Dataset entries:
== Segment start ==

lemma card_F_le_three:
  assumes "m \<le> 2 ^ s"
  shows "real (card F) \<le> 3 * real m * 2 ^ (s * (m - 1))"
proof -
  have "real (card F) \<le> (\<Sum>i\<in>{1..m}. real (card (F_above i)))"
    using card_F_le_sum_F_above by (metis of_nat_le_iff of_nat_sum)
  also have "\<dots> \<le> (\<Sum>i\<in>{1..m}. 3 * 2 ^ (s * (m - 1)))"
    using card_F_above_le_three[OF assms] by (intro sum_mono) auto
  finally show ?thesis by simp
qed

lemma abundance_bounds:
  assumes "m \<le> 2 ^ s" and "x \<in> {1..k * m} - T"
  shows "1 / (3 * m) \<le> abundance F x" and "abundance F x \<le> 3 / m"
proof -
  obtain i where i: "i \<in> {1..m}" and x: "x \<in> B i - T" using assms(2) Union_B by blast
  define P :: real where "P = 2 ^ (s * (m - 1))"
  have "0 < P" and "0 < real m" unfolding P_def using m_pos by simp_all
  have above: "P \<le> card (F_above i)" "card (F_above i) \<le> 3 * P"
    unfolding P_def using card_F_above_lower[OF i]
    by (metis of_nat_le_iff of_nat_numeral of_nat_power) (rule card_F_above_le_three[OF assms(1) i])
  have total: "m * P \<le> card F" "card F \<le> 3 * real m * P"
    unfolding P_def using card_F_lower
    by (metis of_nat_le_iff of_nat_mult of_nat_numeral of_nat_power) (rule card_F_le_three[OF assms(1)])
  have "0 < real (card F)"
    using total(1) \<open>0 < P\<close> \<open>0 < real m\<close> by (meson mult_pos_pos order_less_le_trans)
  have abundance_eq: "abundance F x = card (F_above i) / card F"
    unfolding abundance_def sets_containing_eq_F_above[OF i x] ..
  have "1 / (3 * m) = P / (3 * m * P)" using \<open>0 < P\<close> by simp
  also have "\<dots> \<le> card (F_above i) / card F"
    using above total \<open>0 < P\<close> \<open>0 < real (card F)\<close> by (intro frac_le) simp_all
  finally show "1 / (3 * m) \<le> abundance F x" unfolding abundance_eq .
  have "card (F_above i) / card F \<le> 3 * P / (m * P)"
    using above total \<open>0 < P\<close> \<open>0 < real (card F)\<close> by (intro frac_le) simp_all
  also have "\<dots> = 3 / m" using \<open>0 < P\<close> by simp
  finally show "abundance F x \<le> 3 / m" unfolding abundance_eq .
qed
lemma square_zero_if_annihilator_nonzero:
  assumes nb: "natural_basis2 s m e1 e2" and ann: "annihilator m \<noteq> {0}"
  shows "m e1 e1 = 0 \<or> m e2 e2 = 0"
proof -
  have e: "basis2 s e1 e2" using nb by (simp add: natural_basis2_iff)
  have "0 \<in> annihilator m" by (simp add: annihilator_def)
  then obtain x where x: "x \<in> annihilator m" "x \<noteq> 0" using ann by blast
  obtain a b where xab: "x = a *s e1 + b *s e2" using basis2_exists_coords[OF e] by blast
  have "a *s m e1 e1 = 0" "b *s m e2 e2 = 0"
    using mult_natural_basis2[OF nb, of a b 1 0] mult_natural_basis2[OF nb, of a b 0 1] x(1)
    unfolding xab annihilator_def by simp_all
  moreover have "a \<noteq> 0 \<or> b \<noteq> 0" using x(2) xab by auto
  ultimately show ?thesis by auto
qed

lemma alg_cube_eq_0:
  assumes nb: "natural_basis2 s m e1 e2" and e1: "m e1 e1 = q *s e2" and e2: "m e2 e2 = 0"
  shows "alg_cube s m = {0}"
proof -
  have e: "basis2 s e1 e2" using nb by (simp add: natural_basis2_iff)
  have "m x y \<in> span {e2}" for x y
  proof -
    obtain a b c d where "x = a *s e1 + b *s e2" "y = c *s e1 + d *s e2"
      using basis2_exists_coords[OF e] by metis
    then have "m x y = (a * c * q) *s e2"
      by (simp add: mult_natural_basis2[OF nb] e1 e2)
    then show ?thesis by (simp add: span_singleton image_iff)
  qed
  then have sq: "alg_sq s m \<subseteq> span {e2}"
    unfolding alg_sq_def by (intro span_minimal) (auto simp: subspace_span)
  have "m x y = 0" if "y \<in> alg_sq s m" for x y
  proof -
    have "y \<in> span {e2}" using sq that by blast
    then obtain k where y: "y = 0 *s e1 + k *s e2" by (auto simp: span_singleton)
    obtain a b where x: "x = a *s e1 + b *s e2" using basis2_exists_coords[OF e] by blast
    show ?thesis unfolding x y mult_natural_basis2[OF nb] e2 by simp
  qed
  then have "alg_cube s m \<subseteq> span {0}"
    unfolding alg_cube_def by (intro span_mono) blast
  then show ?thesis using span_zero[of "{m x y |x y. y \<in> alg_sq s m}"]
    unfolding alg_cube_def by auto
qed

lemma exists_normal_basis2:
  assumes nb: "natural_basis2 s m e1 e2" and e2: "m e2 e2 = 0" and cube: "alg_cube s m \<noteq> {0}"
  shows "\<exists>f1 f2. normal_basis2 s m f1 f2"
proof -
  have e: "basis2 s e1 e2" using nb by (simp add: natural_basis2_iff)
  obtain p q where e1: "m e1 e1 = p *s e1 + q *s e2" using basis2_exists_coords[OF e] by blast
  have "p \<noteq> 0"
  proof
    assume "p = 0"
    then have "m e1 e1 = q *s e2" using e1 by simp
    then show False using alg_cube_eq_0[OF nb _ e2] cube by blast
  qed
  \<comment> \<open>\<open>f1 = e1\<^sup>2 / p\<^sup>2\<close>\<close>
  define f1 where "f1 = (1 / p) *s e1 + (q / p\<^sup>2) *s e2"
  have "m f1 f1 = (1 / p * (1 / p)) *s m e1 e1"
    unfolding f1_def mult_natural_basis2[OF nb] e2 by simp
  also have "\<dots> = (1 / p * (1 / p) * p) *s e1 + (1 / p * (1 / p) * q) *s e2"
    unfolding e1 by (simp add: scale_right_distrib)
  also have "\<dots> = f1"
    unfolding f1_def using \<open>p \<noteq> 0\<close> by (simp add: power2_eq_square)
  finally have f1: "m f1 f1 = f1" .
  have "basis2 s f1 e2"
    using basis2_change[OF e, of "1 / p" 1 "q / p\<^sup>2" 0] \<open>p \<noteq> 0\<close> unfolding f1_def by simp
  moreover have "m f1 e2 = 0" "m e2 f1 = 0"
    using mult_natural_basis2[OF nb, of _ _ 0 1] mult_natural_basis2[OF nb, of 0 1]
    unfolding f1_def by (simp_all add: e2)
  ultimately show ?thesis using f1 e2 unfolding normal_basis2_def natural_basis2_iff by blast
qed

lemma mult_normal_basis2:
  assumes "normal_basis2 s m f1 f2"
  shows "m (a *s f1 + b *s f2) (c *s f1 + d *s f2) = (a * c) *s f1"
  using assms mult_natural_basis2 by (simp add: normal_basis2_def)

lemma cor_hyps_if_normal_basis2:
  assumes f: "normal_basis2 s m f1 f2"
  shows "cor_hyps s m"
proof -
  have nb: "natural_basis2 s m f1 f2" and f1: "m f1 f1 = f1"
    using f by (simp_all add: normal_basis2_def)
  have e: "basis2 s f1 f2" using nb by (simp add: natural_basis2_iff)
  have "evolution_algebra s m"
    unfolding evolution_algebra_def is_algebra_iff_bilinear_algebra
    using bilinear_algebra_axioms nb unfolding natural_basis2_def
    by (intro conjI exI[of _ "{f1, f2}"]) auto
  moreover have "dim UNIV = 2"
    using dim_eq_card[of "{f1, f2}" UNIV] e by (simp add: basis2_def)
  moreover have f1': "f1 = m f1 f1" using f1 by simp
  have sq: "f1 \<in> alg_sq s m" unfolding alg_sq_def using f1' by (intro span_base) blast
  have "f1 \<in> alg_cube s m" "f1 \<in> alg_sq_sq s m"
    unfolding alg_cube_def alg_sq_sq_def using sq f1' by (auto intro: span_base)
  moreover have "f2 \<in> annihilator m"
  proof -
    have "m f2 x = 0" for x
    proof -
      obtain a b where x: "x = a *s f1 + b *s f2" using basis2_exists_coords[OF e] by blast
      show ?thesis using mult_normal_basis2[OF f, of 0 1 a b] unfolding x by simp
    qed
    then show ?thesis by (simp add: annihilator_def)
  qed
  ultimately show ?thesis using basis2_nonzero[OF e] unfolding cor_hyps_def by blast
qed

== Segment end ==

What the exercise asks :: Print only the lines from the top of the data above down to the line holding "F \<le> 3 * real", inclusive.

Result of this exercise ::
lemma card_F_le_three:
  assumes "m \<le> 2 ^ s"
  shows "real (card F) \<le> 3 * real m * 2 ^ (s * (m - 1))"
proof -
  have "real (card F) \<le> (\<Sum>i\<in>{1..m}. real (card (F_above i)))"
    using card_F_le_sum_F_above by (metis of_nat_le_iff of_nat_sum)
  also have "\<dots> \<le> (\<Sum>i\<in>{1..m}. 3 * 2 ^ (s * (m - 1)))"
    using card_F_above_le_three[OF assms] by (intro sum_mono) auto
  finally show ?thesis by simp
qed

lemma abundance_bounds:
  assumes "m \<le> 2 ^ s" and "x \<in> {1..k * m} - T"
  shows "1 / (3 * m) \<le> abundance F x" and "abundance F x \<le> 3 / m"
proof -
  obtain i where i: "i \<in> {1..m}" and x: "x \<in> B i - T" using assms(2) Union_B by blast
  define P :: real where "P = 2 ^ (s * (m - 1))"
  have "0 < P" and "0 < real m" unfolding P_def using m_pos by simp_all
  have above: "P \<le> card (F_above i)" "card (F_above i) \<le> 3 * P"
    unfolding P_def using card_F_above_lower[OF i]
    by (metis of_nat_le_iff of_nat_numeral of_nat_power) (rule card_F_above_le_three[OF assms(1) i])
  have total: "m * P \<le> card F" "card F \<le> 3 * real m * P"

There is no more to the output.